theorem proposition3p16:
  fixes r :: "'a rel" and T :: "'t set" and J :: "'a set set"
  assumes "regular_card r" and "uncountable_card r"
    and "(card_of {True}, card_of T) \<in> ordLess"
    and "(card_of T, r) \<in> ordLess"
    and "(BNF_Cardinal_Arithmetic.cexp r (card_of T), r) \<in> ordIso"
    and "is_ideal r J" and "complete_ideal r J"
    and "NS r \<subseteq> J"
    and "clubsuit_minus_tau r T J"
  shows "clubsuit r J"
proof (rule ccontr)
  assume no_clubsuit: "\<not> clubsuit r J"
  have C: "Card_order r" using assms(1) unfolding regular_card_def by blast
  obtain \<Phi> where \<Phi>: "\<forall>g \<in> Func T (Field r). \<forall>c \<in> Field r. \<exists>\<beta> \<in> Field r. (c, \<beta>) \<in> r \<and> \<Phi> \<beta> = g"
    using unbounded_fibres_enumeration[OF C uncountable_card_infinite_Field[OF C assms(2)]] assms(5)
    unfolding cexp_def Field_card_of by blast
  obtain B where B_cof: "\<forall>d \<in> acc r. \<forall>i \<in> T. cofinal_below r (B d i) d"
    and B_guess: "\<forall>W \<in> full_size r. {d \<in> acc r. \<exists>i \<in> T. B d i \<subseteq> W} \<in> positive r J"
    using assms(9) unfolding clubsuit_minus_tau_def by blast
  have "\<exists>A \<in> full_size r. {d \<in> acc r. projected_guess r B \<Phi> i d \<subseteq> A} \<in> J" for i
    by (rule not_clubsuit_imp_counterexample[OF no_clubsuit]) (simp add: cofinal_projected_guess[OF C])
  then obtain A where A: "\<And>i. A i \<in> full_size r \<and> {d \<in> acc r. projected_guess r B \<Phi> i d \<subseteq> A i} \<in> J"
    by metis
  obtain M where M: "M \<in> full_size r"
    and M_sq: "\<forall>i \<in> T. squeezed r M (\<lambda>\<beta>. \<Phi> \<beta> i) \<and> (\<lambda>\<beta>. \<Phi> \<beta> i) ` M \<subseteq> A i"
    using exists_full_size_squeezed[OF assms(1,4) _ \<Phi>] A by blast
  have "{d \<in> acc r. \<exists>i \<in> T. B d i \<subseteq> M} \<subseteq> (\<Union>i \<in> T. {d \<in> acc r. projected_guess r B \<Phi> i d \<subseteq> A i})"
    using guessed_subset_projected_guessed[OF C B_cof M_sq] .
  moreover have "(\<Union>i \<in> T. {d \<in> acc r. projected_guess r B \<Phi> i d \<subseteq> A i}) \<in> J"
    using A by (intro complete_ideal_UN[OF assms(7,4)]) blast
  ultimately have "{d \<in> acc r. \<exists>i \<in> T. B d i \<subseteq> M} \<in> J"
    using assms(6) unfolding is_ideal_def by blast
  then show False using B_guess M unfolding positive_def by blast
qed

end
━━━━━━━━━━━━━━━━━━━━━━━━━━━━━━
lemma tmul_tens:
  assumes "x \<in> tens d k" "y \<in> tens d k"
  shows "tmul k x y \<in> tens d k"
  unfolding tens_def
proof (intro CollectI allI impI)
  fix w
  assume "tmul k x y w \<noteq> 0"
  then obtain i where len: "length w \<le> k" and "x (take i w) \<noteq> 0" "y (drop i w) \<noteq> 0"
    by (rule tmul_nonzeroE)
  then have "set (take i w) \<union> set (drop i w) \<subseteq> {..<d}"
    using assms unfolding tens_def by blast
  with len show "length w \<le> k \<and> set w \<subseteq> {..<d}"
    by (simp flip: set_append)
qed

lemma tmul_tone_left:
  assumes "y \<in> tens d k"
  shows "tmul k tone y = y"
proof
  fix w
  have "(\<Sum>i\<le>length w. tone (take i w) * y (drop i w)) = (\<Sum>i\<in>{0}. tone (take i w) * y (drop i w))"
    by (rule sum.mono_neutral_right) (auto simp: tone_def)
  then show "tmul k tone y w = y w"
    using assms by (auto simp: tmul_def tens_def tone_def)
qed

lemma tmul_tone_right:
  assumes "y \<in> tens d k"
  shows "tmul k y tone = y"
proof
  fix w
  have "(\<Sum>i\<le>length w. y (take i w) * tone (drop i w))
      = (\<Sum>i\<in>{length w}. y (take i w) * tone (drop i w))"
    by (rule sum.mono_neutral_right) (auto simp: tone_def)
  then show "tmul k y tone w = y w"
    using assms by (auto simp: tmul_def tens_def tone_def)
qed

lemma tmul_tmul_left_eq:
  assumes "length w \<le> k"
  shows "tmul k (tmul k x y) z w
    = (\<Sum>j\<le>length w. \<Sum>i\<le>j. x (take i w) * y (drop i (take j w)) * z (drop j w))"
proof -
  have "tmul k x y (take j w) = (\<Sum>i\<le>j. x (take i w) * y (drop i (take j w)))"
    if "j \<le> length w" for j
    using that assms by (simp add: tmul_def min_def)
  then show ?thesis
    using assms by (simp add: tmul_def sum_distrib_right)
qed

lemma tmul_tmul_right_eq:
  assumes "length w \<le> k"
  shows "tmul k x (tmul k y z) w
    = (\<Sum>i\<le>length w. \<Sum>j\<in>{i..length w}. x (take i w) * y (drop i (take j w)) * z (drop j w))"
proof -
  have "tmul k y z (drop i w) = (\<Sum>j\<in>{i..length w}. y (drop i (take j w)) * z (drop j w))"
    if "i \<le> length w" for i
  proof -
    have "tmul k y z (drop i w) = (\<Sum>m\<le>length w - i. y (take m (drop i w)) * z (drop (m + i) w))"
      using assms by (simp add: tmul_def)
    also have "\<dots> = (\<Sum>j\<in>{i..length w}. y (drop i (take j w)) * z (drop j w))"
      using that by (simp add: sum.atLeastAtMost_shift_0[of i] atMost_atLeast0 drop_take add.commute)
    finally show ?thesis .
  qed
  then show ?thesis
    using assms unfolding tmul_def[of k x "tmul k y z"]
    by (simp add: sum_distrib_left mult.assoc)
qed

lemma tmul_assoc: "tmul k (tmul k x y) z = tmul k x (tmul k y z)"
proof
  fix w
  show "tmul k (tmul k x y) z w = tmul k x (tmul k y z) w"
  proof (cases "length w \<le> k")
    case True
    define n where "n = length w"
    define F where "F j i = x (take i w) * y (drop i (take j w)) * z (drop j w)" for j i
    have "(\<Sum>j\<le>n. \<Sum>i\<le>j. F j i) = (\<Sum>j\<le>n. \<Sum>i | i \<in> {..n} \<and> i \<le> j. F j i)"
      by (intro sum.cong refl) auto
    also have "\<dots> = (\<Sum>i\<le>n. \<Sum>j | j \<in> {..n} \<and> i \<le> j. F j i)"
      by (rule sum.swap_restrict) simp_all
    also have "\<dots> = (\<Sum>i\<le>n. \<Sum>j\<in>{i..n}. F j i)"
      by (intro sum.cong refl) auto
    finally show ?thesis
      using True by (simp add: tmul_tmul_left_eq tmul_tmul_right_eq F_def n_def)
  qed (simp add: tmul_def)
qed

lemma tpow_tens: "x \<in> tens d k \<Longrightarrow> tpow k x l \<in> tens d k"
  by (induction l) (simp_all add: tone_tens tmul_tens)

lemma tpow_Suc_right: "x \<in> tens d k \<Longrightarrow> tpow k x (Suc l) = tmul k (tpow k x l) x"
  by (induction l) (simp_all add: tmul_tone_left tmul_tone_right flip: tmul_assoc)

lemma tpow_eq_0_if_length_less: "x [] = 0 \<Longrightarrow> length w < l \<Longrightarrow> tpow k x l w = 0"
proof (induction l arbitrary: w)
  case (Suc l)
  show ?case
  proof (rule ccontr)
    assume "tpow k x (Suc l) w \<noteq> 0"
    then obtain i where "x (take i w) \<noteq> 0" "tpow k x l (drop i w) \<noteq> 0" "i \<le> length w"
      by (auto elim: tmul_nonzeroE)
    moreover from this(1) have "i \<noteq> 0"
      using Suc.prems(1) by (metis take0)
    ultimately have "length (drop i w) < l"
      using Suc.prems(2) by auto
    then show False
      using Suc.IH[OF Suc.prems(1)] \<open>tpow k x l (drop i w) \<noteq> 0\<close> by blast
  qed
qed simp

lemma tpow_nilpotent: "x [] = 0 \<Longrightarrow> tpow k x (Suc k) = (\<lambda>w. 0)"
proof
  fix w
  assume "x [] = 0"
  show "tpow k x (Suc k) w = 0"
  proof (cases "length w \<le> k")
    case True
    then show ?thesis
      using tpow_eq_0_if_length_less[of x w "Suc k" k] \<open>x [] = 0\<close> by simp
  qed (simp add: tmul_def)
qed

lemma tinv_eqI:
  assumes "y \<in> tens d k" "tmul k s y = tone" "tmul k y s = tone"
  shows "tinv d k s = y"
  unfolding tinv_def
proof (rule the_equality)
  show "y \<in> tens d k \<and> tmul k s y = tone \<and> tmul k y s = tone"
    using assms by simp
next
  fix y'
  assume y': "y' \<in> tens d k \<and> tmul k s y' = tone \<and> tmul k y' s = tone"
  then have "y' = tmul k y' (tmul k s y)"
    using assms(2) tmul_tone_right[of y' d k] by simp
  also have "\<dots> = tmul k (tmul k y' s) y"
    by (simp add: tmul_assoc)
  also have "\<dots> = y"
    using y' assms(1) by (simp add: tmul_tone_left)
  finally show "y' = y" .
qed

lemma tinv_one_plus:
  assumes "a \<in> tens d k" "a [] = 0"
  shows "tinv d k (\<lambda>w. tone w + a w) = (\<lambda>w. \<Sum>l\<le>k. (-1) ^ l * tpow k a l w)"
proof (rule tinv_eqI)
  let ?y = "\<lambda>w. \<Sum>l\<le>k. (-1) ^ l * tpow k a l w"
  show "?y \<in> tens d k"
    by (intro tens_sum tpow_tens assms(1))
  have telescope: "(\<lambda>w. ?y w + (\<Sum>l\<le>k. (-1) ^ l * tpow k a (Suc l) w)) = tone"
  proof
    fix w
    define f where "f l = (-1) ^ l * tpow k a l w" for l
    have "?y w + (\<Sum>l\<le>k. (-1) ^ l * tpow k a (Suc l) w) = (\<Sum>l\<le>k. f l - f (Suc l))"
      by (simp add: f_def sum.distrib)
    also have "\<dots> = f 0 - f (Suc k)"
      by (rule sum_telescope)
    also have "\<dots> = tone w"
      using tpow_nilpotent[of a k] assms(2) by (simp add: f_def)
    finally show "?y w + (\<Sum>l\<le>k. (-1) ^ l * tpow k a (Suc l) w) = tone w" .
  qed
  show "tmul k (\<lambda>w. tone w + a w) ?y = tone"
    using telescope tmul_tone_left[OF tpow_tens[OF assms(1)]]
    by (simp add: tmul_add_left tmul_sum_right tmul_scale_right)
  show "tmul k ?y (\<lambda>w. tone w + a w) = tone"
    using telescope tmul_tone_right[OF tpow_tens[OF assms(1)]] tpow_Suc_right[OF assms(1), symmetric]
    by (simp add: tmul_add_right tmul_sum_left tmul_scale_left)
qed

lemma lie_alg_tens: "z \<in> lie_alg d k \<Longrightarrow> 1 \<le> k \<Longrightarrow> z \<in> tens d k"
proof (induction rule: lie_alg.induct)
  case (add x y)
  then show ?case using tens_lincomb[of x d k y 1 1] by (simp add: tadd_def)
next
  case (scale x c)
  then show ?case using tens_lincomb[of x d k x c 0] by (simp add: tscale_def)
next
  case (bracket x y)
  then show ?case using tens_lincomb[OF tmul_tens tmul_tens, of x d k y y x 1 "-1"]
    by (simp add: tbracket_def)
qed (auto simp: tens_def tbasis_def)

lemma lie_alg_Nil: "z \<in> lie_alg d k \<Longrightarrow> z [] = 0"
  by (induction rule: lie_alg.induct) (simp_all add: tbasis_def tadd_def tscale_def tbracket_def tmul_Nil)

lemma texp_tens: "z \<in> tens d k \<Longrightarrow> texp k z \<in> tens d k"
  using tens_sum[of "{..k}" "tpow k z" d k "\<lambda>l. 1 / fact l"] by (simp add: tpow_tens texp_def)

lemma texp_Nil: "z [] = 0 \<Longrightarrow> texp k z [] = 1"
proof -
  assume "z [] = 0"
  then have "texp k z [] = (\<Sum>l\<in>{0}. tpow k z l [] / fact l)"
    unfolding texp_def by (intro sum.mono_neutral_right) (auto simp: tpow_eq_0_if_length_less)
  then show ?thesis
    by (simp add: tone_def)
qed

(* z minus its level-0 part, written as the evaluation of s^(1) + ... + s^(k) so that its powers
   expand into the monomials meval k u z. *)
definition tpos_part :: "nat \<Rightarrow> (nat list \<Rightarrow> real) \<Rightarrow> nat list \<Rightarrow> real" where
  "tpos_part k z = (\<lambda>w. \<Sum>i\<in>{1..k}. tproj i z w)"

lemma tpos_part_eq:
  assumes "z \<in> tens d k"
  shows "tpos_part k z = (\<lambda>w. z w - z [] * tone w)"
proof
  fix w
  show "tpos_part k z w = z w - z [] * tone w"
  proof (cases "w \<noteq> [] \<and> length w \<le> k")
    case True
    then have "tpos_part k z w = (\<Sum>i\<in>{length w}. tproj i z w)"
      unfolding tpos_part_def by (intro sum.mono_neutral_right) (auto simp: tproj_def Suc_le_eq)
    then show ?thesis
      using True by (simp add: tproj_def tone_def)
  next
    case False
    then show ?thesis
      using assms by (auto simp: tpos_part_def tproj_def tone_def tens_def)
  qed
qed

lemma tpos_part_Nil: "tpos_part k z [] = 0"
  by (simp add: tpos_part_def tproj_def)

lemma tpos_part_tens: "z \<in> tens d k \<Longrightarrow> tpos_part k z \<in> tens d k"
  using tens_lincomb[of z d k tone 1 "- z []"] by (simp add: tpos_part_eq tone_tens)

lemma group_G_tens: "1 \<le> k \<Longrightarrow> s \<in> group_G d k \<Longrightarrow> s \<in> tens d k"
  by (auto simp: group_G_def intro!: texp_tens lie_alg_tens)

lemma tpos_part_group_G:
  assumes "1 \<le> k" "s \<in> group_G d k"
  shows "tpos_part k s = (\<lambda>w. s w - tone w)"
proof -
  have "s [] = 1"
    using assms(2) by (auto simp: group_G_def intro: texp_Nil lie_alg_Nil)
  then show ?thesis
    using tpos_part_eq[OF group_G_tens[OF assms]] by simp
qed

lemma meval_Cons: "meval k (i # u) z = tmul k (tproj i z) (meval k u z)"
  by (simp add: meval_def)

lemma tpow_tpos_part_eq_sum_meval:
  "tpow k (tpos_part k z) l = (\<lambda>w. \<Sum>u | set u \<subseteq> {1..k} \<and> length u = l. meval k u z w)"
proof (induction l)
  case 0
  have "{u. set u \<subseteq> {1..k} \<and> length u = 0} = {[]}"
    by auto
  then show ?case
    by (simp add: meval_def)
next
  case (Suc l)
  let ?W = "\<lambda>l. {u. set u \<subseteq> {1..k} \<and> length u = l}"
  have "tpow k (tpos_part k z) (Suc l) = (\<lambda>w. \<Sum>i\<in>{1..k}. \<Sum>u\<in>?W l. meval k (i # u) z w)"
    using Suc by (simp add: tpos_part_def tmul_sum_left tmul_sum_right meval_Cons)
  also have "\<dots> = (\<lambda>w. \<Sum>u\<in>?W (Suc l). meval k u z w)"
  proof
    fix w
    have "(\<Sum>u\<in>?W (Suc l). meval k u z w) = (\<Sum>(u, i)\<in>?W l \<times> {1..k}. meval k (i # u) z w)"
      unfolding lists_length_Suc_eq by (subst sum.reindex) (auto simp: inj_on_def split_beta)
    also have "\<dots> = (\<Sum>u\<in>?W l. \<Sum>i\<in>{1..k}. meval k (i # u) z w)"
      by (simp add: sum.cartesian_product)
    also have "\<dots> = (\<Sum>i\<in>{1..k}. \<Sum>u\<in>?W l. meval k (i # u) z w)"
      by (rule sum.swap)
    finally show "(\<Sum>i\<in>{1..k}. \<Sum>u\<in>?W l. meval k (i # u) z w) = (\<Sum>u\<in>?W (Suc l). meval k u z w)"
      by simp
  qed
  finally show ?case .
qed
━━━━━━━━━━━━━━━━━━━━━━━━━━━━━━
**YOUR OBJECTIVE:** Every line in the data that holds "finally" should be copied out.

**YOUR SOLUTION:**
    finally show ?thesis .
    finally show ?thesis
  finally show "y' = y" .
    finally show "?y w + (\<Sum>l\<le>k. (-1) ^ l * tpow k a (Suc l) w) = tone w" .
    finally show "(\<Sum>i\<in>{1..k}. \<Sum>u\<in>?W l. meval k (i # u) z w) = (\<Sum>u\<in>?W (Suc l). meval k u z w)"
  finally show ?case .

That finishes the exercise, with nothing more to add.